● **DESCRIPTION OF THE TASK**: Read the data line by line and say how many lines contain the string "also", giving the number alone.

Stored data:

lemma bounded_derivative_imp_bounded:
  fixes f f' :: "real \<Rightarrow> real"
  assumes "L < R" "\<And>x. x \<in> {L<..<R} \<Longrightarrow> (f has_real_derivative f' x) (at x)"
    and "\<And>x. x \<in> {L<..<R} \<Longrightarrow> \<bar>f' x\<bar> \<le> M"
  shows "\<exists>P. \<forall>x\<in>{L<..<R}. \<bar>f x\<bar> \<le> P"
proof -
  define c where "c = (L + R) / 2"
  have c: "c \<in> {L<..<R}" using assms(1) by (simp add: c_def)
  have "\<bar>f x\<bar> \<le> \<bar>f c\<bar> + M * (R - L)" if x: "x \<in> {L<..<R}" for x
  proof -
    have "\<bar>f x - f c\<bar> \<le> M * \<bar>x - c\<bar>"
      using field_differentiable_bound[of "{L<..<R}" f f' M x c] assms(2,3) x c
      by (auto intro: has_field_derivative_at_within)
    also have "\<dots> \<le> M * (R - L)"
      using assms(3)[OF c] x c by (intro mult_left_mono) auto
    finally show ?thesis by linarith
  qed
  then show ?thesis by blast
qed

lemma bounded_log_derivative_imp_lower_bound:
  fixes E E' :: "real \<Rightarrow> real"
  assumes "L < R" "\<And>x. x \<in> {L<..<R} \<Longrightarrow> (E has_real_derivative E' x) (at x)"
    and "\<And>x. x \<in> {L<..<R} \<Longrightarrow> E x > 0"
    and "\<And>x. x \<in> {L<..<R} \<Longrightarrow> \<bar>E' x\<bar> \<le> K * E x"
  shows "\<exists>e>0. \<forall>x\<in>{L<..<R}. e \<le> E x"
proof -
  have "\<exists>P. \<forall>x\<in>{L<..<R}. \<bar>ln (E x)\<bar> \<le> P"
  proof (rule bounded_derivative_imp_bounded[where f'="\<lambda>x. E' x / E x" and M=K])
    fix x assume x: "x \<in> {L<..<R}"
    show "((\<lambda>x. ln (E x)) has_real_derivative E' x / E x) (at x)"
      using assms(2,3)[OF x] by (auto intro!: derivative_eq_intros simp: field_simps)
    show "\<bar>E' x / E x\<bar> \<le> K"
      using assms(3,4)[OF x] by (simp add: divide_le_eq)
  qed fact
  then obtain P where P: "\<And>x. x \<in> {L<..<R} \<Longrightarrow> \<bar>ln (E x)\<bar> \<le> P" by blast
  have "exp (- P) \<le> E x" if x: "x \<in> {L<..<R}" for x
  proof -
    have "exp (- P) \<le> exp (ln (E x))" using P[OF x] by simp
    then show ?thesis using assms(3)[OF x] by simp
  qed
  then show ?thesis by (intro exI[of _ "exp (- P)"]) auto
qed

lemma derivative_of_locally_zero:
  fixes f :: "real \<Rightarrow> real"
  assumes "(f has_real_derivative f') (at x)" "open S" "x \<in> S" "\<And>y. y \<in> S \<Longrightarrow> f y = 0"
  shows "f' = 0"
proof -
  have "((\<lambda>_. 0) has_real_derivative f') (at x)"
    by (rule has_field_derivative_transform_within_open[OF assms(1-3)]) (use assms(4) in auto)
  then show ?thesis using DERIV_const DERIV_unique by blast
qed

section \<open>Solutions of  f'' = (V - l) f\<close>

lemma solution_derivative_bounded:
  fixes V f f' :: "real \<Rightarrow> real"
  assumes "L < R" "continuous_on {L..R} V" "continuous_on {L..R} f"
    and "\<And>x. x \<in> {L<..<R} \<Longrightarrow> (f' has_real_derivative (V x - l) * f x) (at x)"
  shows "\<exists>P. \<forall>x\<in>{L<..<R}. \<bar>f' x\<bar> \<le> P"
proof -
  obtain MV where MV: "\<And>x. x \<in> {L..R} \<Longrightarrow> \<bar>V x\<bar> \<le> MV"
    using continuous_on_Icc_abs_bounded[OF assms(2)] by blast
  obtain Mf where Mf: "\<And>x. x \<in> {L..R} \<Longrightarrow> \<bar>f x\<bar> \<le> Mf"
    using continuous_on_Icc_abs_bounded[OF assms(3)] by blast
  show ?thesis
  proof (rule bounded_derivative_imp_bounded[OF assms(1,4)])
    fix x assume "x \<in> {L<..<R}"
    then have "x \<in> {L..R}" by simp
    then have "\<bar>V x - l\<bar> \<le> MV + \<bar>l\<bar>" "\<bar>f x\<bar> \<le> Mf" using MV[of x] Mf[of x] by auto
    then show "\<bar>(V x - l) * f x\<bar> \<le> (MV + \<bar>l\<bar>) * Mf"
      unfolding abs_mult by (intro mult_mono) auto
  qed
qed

* * *

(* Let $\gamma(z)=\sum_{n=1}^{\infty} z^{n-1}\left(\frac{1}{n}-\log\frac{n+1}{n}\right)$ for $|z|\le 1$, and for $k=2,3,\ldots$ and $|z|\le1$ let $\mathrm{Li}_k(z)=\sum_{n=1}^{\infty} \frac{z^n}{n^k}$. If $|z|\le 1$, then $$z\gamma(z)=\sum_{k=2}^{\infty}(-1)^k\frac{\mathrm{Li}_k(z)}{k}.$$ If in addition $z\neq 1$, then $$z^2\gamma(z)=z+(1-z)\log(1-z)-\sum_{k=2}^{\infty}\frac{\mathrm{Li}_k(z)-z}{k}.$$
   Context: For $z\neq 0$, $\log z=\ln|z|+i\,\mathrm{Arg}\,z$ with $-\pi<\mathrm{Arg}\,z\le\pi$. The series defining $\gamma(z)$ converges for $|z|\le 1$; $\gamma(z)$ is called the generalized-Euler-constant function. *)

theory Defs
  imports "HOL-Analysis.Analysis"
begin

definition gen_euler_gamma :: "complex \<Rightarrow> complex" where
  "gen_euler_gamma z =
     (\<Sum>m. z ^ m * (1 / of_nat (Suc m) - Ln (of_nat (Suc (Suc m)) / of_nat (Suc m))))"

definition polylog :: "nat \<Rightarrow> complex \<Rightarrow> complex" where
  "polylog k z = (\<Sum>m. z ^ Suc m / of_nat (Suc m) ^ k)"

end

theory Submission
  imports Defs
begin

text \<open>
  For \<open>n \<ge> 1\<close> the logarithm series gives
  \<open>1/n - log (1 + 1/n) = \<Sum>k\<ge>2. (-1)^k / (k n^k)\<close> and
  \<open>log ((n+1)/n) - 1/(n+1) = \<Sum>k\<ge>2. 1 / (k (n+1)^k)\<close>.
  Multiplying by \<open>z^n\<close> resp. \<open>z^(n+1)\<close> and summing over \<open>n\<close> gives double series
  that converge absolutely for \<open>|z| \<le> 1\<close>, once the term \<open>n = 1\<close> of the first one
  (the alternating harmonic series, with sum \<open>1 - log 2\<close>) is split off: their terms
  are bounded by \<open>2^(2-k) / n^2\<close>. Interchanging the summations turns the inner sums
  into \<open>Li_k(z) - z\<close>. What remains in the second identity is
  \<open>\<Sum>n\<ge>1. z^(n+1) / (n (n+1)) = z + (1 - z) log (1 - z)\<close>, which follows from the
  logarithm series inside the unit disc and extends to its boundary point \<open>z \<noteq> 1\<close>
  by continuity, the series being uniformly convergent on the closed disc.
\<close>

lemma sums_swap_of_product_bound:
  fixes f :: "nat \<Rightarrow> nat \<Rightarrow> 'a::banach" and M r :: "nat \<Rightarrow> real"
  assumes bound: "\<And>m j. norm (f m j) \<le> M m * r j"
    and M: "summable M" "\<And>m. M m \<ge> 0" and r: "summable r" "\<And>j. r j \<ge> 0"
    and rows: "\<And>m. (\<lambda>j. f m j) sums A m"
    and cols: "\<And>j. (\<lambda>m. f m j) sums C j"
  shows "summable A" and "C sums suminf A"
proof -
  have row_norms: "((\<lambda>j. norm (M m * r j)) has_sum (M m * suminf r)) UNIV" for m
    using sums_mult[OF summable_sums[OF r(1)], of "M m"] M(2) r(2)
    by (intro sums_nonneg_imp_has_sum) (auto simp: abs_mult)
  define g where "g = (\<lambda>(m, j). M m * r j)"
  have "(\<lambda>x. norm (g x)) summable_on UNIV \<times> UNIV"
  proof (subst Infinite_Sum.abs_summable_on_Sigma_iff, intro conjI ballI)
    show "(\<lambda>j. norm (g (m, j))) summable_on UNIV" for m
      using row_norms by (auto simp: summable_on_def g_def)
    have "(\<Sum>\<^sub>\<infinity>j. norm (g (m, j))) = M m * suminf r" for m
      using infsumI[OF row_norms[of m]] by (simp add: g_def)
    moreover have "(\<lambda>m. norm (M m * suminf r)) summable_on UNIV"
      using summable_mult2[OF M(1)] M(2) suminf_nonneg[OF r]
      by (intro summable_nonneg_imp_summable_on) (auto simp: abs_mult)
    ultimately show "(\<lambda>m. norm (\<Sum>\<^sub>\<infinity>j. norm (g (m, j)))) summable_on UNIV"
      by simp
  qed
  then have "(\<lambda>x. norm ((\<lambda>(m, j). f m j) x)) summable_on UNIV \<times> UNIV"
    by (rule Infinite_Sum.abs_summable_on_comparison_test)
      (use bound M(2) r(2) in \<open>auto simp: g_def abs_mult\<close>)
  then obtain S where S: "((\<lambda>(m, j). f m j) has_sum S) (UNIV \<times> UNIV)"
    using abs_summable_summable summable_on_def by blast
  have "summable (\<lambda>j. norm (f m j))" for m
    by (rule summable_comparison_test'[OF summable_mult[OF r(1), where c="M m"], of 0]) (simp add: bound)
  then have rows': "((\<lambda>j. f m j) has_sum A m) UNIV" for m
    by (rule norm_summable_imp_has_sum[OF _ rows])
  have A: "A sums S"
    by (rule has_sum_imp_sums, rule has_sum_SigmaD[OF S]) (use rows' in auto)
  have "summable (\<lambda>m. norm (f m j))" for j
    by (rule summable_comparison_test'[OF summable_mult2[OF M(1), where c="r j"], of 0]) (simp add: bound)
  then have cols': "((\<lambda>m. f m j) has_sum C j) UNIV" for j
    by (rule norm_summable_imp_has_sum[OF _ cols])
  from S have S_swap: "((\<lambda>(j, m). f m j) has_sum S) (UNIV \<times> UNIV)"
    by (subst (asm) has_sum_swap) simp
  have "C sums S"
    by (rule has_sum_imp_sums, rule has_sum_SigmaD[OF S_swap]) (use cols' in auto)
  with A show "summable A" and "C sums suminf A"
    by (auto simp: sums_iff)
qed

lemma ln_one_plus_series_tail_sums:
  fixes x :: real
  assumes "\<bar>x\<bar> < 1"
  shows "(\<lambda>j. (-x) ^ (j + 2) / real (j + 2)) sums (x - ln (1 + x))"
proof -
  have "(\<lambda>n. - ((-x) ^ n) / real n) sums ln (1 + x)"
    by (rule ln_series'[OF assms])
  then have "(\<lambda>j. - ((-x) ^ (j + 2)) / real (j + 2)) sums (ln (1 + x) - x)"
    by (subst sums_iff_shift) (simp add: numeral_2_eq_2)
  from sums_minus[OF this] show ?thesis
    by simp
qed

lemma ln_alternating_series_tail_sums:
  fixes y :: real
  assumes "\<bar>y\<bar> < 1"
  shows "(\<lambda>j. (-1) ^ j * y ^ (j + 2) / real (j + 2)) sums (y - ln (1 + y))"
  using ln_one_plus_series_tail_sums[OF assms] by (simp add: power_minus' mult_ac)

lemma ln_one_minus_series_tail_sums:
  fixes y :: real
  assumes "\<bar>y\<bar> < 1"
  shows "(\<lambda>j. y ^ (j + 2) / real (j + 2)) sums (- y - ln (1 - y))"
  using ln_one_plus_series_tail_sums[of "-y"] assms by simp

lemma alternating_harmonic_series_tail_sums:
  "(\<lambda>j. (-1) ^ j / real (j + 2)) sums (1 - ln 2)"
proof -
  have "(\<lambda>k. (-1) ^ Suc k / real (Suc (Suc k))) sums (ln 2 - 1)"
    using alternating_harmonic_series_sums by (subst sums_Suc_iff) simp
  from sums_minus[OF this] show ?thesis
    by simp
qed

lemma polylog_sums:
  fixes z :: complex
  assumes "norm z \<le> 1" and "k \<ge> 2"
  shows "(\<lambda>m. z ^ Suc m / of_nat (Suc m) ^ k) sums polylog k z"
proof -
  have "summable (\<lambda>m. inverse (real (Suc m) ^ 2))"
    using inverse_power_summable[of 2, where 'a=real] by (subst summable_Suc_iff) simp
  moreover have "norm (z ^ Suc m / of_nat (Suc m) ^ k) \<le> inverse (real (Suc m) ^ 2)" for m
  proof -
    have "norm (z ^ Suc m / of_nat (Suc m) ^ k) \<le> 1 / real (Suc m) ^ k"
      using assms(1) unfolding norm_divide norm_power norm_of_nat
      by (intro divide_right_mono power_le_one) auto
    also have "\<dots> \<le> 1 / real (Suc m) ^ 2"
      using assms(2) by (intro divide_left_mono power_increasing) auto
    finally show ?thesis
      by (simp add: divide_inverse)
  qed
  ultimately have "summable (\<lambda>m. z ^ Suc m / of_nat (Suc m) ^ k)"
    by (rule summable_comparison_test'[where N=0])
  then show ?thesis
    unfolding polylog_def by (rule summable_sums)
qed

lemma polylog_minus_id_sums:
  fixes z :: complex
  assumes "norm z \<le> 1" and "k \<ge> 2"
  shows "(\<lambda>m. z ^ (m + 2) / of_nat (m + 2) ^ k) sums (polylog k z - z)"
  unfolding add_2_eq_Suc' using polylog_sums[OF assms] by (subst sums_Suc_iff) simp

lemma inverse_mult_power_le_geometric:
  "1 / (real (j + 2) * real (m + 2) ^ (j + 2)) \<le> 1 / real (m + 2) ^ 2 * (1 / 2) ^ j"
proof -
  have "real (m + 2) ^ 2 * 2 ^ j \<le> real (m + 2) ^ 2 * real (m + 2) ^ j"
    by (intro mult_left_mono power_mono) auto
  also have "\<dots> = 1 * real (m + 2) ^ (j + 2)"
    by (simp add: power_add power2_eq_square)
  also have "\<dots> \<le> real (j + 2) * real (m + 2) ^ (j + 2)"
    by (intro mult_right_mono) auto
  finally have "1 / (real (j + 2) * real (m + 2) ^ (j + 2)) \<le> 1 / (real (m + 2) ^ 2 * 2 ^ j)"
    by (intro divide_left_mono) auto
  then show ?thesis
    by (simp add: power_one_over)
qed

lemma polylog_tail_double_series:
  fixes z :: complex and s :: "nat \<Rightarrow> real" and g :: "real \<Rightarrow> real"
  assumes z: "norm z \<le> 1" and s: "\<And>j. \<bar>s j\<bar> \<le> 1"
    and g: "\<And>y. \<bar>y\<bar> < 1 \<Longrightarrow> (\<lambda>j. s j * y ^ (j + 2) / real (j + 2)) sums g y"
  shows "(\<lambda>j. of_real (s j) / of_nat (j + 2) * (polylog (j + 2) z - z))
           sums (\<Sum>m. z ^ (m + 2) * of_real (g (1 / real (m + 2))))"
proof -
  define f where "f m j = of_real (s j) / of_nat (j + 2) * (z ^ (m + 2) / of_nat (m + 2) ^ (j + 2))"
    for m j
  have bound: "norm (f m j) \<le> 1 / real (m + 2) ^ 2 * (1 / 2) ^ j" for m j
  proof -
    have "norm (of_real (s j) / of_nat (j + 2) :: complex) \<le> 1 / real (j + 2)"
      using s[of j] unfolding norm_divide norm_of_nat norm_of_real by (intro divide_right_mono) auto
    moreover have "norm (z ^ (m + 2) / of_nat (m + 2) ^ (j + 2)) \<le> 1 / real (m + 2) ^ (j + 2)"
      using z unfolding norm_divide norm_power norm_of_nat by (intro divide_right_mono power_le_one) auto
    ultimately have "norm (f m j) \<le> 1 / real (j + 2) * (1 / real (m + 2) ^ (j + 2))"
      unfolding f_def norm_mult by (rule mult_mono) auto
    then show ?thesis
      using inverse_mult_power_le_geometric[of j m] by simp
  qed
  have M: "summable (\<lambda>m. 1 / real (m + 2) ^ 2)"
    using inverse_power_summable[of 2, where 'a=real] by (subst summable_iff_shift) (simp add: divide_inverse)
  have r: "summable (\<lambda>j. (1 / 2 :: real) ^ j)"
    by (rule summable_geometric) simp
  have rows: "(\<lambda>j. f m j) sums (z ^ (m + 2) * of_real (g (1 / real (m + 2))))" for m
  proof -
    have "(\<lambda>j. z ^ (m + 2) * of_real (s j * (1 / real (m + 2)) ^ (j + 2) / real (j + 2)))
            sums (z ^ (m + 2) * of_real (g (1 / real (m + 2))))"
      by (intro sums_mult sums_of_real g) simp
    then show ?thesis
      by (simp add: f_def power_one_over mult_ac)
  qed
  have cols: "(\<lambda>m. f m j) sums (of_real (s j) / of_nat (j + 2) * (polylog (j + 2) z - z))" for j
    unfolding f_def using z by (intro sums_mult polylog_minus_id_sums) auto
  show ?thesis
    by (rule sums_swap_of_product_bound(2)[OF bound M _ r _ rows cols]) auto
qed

---

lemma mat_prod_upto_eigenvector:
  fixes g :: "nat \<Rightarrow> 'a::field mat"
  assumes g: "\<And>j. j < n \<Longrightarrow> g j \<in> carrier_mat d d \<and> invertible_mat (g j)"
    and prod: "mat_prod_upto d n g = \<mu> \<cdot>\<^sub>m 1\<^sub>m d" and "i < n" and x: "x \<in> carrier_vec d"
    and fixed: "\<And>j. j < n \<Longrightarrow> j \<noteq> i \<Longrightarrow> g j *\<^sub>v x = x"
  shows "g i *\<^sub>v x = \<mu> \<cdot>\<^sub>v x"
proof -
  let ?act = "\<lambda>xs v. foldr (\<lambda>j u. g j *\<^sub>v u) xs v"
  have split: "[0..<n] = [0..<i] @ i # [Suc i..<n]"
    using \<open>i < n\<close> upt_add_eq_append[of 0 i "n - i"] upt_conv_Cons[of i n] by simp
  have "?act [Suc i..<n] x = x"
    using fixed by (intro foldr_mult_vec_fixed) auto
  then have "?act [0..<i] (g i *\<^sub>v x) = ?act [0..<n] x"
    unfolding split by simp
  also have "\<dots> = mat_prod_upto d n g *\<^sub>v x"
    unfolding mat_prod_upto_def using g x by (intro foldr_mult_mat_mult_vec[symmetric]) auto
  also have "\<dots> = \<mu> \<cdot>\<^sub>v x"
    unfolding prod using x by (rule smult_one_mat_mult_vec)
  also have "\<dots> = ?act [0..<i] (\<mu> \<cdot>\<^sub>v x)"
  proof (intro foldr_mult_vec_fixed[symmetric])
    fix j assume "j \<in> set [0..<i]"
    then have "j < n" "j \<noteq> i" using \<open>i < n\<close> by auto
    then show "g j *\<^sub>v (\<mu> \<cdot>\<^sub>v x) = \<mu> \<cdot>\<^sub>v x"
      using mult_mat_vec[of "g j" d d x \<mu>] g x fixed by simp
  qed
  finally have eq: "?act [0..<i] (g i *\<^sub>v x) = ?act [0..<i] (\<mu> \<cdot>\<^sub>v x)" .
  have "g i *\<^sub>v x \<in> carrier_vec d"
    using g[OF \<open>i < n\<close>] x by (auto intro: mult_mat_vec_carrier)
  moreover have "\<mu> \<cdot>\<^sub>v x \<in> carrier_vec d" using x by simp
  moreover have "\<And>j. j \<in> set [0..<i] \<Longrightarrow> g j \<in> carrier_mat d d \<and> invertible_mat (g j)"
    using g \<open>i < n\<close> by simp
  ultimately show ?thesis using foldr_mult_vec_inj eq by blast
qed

● **WRITTEN REPLY**: 7